(EXTRACTED RECORDS):
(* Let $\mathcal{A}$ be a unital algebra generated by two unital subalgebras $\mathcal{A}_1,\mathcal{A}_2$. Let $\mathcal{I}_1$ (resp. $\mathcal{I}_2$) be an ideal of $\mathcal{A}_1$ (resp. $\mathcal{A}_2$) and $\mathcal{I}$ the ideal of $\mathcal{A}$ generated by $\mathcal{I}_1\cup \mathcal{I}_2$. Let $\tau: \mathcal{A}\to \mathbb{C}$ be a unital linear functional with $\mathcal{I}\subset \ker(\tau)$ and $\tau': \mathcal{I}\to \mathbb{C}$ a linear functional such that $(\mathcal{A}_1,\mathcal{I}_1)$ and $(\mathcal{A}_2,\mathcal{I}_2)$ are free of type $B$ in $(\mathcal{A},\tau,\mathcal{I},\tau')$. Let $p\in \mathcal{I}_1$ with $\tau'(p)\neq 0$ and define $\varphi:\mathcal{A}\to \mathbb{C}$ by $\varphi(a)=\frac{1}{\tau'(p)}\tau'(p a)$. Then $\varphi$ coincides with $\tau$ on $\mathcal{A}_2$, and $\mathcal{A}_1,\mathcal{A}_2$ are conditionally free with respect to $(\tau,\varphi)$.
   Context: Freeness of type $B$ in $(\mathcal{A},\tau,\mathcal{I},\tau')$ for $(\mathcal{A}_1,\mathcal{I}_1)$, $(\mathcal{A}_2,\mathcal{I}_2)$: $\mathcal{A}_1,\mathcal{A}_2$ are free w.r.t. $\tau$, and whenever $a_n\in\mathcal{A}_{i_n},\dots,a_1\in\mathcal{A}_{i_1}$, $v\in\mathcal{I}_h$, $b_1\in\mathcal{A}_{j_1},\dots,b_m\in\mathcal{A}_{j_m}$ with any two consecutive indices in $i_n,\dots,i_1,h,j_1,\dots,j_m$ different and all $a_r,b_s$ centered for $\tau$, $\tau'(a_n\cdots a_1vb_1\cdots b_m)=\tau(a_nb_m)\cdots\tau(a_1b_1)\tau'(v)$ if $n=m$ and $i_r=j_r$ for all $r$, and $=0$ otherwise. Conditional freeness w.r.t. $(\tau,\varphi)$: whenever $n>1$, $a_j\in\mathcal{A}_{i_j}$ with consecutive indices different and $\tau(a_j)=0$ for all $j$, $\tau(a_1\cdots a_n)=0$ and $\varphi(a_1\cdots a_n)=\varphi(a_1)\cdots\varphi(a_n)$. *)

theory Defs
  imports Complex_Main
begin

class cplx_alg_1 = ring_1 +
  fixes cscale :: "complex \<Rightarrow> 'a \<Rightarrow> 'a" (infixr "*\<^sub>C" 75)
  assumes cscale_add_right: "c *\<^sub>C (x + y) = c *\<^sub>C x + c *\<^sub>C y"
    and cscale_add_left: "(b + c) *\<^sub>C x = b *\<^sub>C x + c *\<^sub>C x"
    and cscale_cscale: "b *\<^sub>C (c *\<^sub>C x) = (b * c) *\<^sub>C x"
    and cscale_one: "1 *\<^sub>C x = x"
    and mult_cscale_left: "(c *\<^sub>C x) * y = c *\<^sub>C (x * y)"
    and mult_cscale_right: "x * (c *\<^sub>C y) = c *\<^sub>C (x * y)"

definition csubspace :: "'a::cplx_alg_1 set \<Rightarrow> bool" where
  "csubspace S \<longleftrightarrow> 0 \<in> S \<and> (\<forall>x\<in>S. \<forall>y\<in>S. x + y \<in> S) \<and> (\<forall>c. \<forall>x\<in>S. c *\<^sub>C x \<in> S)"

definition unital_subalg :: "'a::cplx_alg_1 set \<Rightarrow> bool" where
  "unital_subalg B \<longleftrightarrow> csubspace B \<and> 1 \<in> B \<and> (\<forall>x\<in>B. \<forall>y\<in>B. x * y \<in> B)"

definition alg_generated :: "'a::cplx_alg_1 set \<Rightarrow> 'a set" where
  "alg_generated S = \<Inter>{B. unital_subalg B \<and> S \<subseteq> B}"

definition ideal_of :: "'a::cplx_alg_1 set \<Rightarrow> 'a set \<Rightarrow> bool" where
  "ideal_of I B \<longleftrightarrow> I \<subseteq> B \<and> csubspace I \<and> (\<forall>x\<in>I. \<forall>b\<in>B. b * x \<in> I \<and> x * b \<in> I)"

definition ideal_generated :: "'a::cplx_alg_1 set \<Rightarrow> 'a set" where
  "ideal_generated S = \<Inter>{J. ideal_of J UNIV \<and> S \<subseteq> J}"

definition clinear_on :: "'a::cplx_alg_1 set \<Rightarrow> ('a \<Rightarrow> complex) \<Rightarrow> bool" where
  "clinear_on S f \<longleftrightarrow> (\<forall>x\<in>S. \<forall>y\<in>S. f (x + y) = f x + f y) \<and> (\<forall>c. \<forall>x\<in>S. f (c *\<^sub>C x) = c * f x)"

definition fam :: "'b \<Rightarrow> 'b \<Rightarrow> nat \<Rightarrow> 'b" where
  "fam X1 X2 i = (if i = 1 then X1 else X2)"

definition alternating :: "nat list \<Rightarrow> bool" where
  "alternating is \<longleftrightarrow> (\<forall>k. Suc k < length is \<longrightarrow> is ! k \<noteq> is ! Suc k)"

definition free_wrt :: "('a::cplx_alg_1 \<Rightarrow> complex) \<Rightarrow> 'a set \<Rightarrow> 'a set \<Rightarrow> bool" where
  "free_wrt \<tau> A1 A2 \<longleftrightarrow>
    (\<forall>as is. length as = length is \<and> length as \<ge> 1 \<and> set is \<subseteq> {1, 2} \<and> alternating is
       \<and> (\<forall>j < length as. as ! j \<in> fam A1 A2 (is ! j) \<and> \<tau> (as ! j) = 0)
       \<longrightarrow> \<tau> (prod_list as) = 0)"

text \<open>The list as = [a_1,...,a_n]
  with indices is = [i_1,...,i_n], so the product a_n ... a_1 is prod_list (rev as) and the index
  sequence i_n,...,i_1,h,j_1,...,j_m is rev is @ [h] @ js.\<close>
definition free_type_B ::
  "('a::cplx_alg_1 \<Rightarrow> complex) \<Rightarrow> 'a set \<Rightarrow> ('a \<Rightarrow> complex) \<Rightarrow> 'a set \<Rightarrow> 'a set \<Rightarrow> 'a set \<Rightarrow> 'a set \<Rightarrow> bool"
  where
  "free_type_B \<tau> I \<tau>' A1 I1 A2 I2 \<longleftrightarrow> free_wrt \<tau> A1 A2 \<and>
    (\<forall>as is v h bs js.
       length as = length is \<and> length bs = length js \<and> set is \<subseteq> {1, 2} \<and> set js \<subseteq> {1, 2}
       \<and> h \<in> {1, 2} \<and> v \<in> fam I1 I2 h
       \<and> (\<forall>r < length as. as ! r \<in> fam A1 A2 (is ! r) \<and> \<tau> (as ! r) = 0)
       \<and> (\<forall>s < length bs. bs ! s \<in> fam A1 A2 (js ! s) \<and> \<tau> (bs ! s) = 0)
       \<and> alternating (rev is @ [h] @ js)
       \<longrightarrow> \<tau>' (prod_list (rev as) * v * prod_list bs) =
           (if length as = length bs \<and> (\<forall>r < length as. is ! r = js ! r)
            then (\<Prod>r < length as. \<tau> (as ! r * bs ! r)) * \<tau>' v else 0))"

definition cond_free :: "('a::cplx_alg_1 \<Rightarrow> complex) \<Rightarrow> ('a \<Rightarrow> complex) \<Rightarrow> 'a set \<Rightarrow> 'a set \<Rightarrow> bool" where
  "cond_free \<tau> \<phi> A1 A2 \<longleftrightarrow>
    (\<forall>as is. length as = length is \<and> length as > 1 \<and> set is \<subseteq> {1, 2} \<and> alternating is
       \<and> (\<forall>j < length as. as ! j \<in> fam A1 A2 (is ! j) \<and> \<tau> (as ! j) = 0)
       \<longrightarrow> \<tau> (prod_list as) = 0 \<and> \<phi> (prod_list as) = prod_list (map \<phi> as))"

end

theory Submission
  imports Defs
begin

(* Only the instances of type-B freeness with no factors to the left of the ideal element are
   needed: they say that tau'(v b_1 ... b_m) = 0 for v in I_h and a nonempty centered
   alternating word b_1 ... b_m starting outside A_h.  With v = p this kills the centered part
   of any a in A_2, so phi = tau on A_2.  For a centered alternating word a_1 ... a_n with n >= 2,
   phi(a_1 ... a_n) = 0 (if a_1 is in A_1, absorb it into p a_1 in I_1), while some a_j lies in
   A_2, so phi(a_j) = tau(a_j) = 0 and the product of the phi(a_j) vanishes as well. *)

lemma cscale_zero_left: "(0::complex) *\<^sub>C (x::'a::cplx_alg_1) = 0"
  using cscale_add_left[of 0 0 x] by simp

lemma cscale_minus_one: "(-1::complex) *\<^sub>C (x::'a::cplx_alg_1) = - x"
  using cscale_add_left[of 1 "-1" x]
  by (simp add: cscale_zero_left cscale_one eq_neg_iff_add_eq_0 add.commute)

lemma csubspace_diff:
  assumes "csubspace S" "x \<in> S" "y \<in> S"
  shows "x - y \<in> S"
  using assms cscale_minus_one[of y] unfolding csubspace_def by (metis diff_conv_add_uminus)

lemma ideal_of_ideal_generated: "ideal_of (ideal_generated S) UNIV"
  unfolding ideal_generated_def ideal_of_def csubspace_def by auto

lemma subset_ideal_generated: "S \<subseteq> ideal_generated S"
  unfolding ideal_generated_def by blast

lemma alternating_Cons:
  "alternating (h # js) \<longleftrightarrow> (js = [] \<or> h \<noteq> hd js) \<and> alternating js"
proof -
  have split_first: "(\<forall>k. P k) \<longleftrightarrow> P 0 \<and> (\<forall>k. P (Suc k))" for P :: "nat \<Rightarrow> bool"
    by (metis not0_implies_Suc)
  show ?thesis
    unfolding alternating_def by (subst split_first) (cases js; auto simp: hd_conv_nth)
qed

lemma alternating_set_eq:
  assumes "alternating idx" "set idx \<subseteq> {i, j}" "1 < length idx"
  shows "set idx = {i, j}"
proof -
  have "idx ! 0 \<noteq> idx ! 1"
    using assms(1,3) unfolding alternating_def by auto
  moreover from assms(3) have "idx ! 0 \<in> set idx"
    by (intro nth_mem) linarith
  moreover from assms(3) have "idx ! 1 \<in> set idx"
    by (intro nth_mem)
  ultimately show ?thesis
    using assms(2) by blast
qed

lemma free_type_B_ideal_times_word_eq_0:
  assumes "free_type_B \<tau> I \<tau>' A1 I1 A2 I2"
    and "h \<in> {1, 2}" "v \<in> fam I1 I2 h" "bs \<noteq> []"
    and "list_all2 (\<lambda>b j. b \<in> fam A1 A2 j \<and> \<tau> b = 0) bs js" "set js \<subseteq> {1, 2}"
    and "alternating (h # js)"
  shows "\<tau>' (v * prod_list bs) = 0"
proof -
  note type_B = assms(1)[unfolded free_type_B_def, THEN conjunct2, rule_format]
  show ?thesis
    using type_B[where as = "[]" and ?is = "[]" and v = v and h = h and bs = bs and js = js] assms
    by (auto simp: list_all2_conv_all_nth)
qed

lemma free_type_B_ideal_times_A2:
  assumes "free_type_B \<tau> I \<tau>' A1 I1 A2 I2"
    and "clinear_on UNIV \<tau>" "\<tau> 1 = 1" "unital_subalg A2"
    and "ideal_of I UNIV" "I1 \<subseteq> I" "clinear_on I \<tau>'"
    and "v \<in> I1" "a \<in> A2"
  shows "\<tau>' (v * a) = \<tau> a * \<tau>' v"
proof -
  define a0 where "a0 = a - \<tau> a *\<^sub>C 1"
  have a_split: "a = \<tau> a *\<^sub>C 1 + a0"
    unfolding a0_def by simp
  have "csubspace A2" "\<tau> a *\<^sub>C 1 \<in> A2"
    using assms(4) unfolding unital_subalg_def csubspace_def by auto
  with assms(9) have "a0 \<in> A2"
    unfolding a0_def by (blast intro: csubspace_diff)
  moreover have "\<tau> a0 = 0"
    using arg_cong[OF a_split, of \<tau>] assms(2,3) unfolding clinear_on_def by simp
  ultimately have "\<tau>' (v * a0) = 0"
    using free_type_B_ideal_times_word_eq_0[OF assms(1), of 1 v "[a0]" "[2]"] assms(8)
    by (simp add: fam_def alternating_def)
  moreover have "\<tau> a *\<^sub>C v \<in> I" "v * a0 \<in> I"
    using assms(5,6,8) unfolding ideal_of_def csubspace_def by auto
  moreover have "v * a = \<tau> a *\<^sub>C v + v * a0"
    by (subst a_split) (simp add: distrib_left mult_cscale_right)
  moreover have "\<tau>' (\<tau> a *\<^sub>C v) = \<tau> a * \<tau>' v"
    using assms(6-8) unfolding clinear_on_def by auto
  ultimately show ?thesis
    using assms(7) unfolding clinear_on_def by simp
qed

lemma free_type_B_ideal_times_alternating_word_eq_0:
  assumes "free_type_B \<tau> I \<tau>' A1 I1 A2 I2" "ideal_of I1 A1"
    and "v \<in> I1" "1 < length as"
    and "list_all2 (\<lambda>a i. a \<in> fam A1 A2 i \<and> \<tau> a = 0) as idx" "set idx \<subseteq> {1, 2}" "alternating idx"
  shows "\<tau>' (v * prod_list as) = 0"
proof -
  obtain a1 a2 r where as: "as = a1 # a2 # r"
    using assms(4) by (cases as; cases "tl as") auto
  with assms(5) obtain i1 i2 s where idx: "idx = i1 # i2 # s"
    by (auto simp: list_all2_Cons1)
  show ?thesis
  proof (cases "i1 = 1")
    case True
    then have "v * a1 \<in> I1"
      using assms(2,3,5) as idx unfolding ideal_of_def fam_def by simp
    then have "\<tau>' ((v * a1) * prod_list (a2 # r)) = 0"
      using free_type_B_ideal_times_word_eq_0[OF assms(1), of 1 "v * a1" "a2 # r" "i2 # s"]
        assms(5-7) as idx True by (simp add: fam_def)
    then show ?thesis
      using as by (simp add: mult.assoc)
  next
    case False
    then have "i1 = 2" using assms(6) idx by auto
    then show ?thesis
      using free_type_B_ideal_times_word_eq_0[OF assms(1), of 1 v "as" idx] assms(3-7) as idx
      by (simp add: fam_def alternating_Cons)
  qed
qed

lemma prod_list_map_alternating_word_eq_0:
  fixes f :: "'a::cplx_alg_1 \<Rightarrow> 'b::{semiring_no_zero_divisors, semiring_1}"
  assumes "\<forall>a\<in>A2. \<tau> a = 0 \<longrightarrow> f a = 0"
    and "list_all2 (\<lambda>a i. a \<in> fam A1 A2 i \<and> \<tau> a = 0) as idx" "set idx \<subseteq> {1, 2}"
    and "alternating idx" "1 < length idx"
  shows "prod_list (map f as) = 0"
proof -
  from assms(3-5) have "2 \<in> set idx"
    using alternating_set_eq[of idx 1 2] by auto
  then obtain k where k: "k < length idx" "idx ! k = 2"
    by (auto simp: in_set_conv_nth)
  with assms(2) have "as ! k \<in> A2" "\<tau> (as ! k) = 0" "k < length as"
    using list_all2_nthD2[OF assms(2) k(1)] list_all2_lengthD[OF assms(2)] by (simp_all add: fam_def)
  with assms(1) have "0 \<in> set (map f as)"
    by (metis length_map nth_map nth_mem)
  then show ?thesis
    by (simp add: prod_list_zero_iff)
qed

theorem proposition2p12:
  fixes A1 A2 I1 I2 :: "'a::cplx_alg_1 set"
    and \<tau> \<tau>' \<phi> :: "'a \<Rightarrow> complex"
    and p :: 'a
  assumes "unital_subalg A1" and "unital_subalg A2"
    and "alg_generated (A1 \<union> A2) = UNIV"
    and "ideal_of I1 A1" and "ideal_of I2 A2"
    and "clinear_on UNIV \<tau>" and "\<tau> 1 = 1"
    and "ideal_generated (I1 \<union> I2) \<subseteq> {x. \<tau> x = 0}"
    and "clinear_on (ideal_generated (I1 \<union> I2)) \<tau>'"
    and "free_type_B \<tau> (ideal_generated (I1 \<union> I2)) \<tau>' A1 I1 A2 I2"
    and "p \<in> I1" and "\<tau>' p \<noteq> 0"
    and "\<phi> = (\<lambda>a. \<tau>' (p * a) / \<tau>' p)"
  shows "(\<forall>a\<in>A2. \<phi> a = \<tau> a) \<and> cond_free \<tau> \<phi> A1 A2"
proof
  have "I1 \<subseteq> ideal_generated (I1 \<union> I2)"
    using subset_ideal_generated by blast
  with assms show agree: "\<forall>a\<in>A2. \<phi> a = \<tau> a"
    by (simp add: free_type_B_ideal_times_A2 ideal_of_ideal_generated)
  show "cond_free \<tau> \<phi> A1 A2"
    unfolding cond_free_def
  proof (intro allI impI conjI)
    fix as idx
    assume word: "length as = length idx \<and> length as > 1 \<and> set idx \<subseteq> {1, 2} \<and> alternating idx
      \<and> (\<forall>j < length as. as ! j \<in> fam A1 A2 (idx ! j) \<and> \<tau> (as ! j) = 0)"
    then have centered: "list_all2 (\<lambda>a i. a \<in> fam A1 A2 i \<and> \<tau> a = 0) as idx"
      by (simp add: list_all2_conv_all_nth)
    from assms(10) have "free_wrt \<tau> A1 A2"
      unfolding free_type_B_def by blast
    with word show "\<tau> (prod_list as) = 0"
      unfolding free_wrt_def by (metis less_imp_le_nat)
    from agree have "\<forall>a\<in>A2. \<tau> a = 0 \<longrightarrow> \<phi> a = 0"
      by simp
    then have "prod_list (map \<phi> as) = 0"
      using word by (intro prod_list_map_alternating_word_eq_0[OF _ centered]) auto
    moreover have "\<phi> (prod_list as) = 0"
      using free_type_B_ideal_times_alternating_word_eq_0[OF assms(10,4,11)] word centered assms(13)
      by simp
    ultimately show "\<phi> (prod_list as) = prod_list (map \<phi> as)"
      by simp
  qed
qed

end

(EXERCISE BRIEF):
Beginning at the line that holds "length idx \<and>", reproduce each line of the records above down to and including the last one.

(SOLUTION TO THIS PROBLEM):
    assume word: "length as = length idx \<and> length as > 1 \<and> set idx \<subseteq> {1, 2} \<and> alternating idx
      \<and> (\<forall>j < length as. as ! j \<in> fam A1 A2 (idx ! j) \<and> \<tau> (as ! j) = 0)"
    then have centered: "list_all2 (\<lambda>a i. a \<in> fam A1 A2 i \<and> \<tau> a = 0) as idx"
      by (simp add: list_all2_conv_all_nth)
    from assms(10) have "free_wrt \<tau> A1 A2"
      unfolding free_type_B_def by blast
    with word show "\<tau> (prod_list as) = 0"
      unfolding free_wrt_def by (metis less_imp_le_nat)
    from agree have "\<forall>a\<in>A2. \<tau> a = 0 \<longrightarrow> \<phi> a = 0"
      by simp
    then have "prod_list (map \<phi> as) = 0"
      using word by (intro prod_list_map_alternating_word_eq_0[OF _ centered]) auto
    moreover have "\<phi> (prod_list as) = 0"
      using free_type_B_ideal_times_alternating_word_eq_0[OF assms(10,4,11)] word centered assms(13)
      by simp
    ultimately show "\<phi> (prod_list as) = prod_list (map \<phi> as)"
      by simp
  qed
qed

end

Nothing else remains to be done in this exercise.